Reviews

The Nether (Duke of York's Theatre)

Jennifer Haley’s play has transferred to the West End from the Royal Court

Isabella Pappas and Ivanno Jeremiah in The Nether
Isabella Pappas and Ivanno Jeremiah in The Nether

© Johan Persson

Short, dense, unpleasant: American playwright Jennifer Haley‘s 75-minute imaginative construct of a collision between an extreme internet world, an adult realm where you can live a life "outside of consequence," and a police campaign against paedophilia was a great hit at the Royal Court last year. It certainly breaks new ground, so I wish I’d liked it more on its transfer to the West End.

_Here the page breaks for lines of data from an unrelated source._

(* Let $\theta < \sigma$ be two infinite cardinals such that $\theta$ is regular, $\sigma < \kappa$, and $d(\theta, \mu) < \kappa$ for every cardinal $\mu$ with $\theta \leq \mu < \sigma$. Let $J$ be a $\kappa$-complete ideal on $\kappa$ with $NS_\kappa|E^\kappa_\theta \subseteq J$ such that $\clubsuit_\kappa^{{\rm cof}/\sigma, *}[J]$ holds. Then $\clubsuit_\kappa^*[J]$ holds.
   Context: $\kappa$ is a regular uncountable cardinal. An ideal on $\kappa$ is a nonempty $J \subseteq P(\kappa)$ with $\kappa \notin J$, every bounded subset of $\kappa$ in $J$, $J$ closed under subsets and under unions of two members; $J^* = \{A \subseteq \kappa : \kappa\setminus A \in J\}$; $\kappa$-complete means closed under unions of fewer than $\kappa$ members. $E^\kappa_\theta$ is the set of limit ordinals below $\kappa$ of cofinality $\theta$; $NS_\kappa|E^\kappa_\theta = \{B : B \cap E^\kappa_\theta \text{ nonstationary}\}$. $acc(\kappa)$ is the set of nonzero limit ordinals below $\kappa$; $P_\sigma(X) = \{x \subseteq X : |x| < \sigma\}$; $[\kappa]^\kappa$ is the set of size-$\kappa$ subsets of $\kappa$. For cardinals $\tau \leq \mu$ with $\tau\ge1$, $\mu \ge\omega$, $d(\tau,\mu)$ is the least cardinality of $X \subseteq [\mu]^\tau$ such that every $e \in [\mu]^\tau$ has a subset in $X$. $\clubsuit_\kappa^{{\rm cof}/\sigma,*}[J]$: there are $B^i_\delta \in P_\sigma(\delta)$ for $i < \delta < \kappa$ such that for every $A \in [\kappa]^\kappa$, $\{\delta < \kappa : \exists i < \delta\,(\sup(A \cap B^i_\delta) = \delta)\} \in J^*$. $\clubsuit_\kappa^*[J]$: there are $s^i_\alpha \subseteq \alpha$ with $\sup s^i_\alpha = \alpha$ for $i < \alpha \in acc(\kappa)$ such that $\{\alpha < \kappa : \exists i < \alpha\,(s^i_\alpha \subseteq A)\} \in J^*$ for all $A \in [\kappa]^\kappa$. *)

theory Defs
  imports Main
begin

unbundle cardinal_syntax

text \<open>The regular uncountable cardinal kappa is represented by a cardinal order
  relation k (an initial well-order) on a type 'a; ordinals below kappa are the
  elements of Field k, and the ordinal delta is identified with the set
  underS k delta of its predecessors.\<close>

definition is_sup :: "'a rel \<Rightarrow> 'a set \<Rightarrow> 'a \<Rightarrow> bool" where
  "is_sup k X \<delta> \<longleftrightarrow> \<delta> \<in> Field k \<and> (\<forall>x\<in>X. (x, \<delta>) \<in> k) \<and>
     (\<forall>\<beta>\<in>underS k \<delta>. \<exists>x\<in>X. \<beta> \<in> underS k x)"

definition is_limit :: "'a rel \<Rightarrow> 'a \<Rightarrow> bool" where
  "is_limit k \<delta> \<longleftrightarrow> \<delta> \<in> Field k \<and> underS k \<delta> \<noteq> {} \<and>
     (\<forall>\<beta>\<in>underS k \<delta>. \<exists>\<gamma>\<in>underS k \<delta>. \<beta> \<in> underS k \<gamma>)"

definition acc :: "'a rel \<Rightarrow> 'a set" where
  "acc k = {\<delta>. is_limit k \<delta>}"

definition cof_is :: "'a rel \<Rightarrow> 'a \<Rightarrow> 'b rel \<Rightarrow> bool" where
  "cof_is k \<delta> \<theta> \<longleftrightarrow>
     (\<exists>C. C \<subseteq> underS k \<delta> \<and> is_sup k C \<delta> \<and> (card_of C) =o \<theta>) \<and>
     (\<forall>C. C \<subseteq> underS k \<delta> \<and> is_sup k C \<delta> \<longrightarrow> \<theta> \<le>o (card_of C))"

definition E_cof :: "'a rel \<Rightarrow> 'b rel \<Rightarrow> 'a set" where
  "E_cof k \<theta> = {\<delta>. is_limit k \<delta> \<and> cof_is k \<delta> \<theta>}"

definition unbounded :: "'a rel \<Rightarrow> 'a set \<Rightarrow> bool" where
  "unbounded k C \<longleftrightarrow> (\<forall>\<alpha>\<in>Field k. \<exists>c\<in>C. \<alpha> \<in> underS k c)"

definition closed_set :: "'a rel \<Rightarrow> 'a set \<Rightarrow> bool" where
  "closed_set k C \<longleftrightarrow> (\<forall>\<delta>. is_limit k \<delta> \<and> is_sup k (C \<inter> underS k \<delta>) \<delta> \<longrightarrow> \<delta> \<in> C)"

definition club :: "'a rel \<Rightarrow> 'a set \<Rightarrow> bool" where
  "club k C \<longleftrightarrow> C \<subseteq> Field k \<and> closed_set k C \<and> unbounded k C"

definition stationary :: "'a rel \<Rightarrow> 'a set \<Rightarrow> bool" where
  "stationary k S \<longleftrightarrow> S \<subseteq> Field k \<and> (\<forall>C. club k C \<longrightarrow> S \<inter> C \<noteq> {})"

definition NS_restr :: "'a rel \<Rightarrow> 'a set \<Rightarrow> 'a set set" where
  "NS_restr k E = {B. B \<subseteq> Field k \<and> \<not> stationary k (B \<inter> E)}"

definition bounded_set :: "'a rel \<Rightarrow> 'a set \<Rightarrow> bool" where
  "bounded_set k A \<longleftrightarrow> (\<exists>\<alpha>\<in>Field k. A \<subseteq> underS k \<alpha>)"

definition is_ideal :: "'a rel \<Rightarrow> 'a set set \<Rightarrow> bool" where
  "is_ideal k J \<longleftrightarrow> J \<noteq> {} \<and> J \<subseteq> Pow (Field k) \<and> Field k \<notin> J \<and>
     (\<forall>A. A \<subseteq> Field k \<and> bounded_set k A \<longrightarrow> A \<in> J) \<and>
     (\<forall>A\<in>J. \<forall>B. B \<subseteq> A \<longrightarrow> B \<in> J) \<and>
     (\<forall>A\<in>J. \<forall>B\<in>J. A \<union> B \<in> J)"

definition complete_ideal :: "'a rel \<Rightarrow> 'a set set \<Rightarrow> bool" where
  "complete_ideal k J \<longleftrightarrow> (\<forall>F. F \<subseteq> J \<and> (card_of F) <o k \<longrightarrow> \<Union>F \<in> J)"

definition dual_filter :: "'a rel \<Rightarrow> 'a set set \<Rightarrow> 'a set set" where
  "dual_filter k J = {A. A \<subseteq> Field k \<and> Field k - A \<in> J}"

definition full_subsets :: "'a rel \<Rightarrow> 'a set set" where
  "full_subsets k = {A. A \<subseteq> Field k \<and> (card_of A) =o k}"

text \<open>d(tau, mu): least cardinality of a cofinal (under reverse inclusion)
  subfamily of [mu]^tau; mu is represented by a set M.\<close>
definition d_covers :: "'b rel \<Rightarrow> 'a set \<Rightarrow> 'a set set \<Rightarrow> bool" where
  "d_covers \<tau> M X \<longleftrightarrow> X \<subseteq> {e. e \<subseteq> M \<and> (card_of e) =o \<tau>} \<and>
     (\<forall>e. e \<subseteq> M \<and> (card_of e) =o \<tau> \<longrightarrow> (\<exists>x\<in>X. x \<subseteq> e))"

definition d_family :: "'b rel \<Rightarrow> 'a set \<Rightarrow> 'a set set" where
  "d_family \<tau> M = (SOME X. d_covers \<tau> M X \<and> (\<forall>Y. d_covers \<tau> M Y \<longrightarrow> (card_of X) \<le>o (card_of Y)))"

definition d_card :: "'b rel \<Rightarrow> 'a set \<Rightarrow> 'a set rel" where
  "d_card \<tau> M = card_of (d_family \<tau> M)"

definition clubsuit_cof_star :: "'a rel \<Rightarrow> 'c rel \<Rightarrow> 'a set set \<Rightarrow> bool" where
  "clubsuit_cof_star k \<sigma> J \<longleftrightarrow> (\<exists>B :: 'a \<Rightarrow> 'a \<Rightarrow> 'a set.
     (\<forall>\<delta>\<in>Field k. \<forall>i\<in>underS k \<delta>. B i \<delta> \<subseteq> underS k \<delta> \<and> card_of (B i \<delta>) <o \<sigma>) \<and>
     (\<forall>A\<in>full_subsets k.
        {\<delta>\<in>Field k. \<exists>i\<in>underS k \<delta>. is_sup k (A \<inter> B i \<delta>) \<delta>} \<in> dual_filter k J))"

definition clubsuit_star :: "'a rel \<Rightarrow> 'a set set \<Rightarrow> bool" where
  "clubsuit_star k J \<longleftrightarrow> (\<exists>s :: 'a \<Rightarrow> 'a \<Rightarrow> 'a set.
     (\<forall>\<alpha>\<in>acc k. \<forall>i\<in>underS k \<alpha>. s i \<alpha> \<subseteq> underS k \<alpha> \<and> is_sup k (s i \<alpha>) \<alpha>) \<and>
     (\<forall>A\<in>full_subsets k.
        {\<alpha>\<in>acc k. \<exists>i\<in>underS k \<alpha>. s i \<alpha> \<subseteq> A} \<in> dual_filter k J))"

end

theory Submission
  imports Defs
begin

In a drab grey interview room (enlivened with a projected torrent of surveillance images) – the real world of moral enforcement? – Amanda Hale‘s investigator Morris clashes with a seedy entrepreneur Sims (Stanley Townsend). She wants to know where his server is. A debauched science teacher, Doyle (David Calder succeeding David Beames in the role), is one of Sims’s clients in his parallel digital universe, a three-dimensional Victorian fantasy Alice-in-Wonderland world of poplar trees and "strange love."

There, another officer, Woodnut (Ivanno Jeremiah), has gone undercover and is an object of seduction for Sims’s nine-year-old daughter Iris (Isabella Pappas on press night). Calder and Townsend – the one crumpled, soiled and apologetic, the other blustery and uncompromising (they rather resemble the poster imagery of John Lithgow and Alfred Molina in the new Strange Love movie) – are another variation on the "victim" and provider syndrome.

The sci-fi, cyberspace fantasy of the play obviously relates to what is happening in worlds both real and virtual. The creepiness of it all is deeply depressing, unless you really feel that these expansions of consciousness and experimentation on the web are inevitable and unavoidable.

So the play, in highlighting an ethical dilemma, and dramatising the interchange of ideas between "normal" and digital reality, is to some extent important. The next question, though, is whether or not the flagrancy of mixing new theatrical techniques of design – the set by Es Devlin and the video work of Luke Halls, lit by Paul Pyant, creating this Nether new world is simply stunning – with a moral enquiry into internet abuse, really delivers.

I don’t think it does, while being intrigued by the attempt. Part of this stems from a wish – surely everyone agrees with this? – to see the nightmare we’ve created for ourselves in these extreme pornographic sites and chat rooms dispersed. At the same time, we can’t go backwards. Is there a compromise way of living in amoral fantasy worlds? Woodnut is asked by his junior hostess if he’d like to start with an axe. Sims asks incredulously of his interrogator, "Don’t tell me you’ve never had sex with an elf?"

It’s funny, but it’s horrible, too… in some ways, the play is upsetting in dealing with the understanding, or justification for, perverse sexual practices; in others, it’s just plain upsetting, and not in a good way. Are the nether regions where we really want to reside? And if we don’t, how are we going to stop everyone else? And should we want to? Go figure. Go see the play. But it’s not much fun.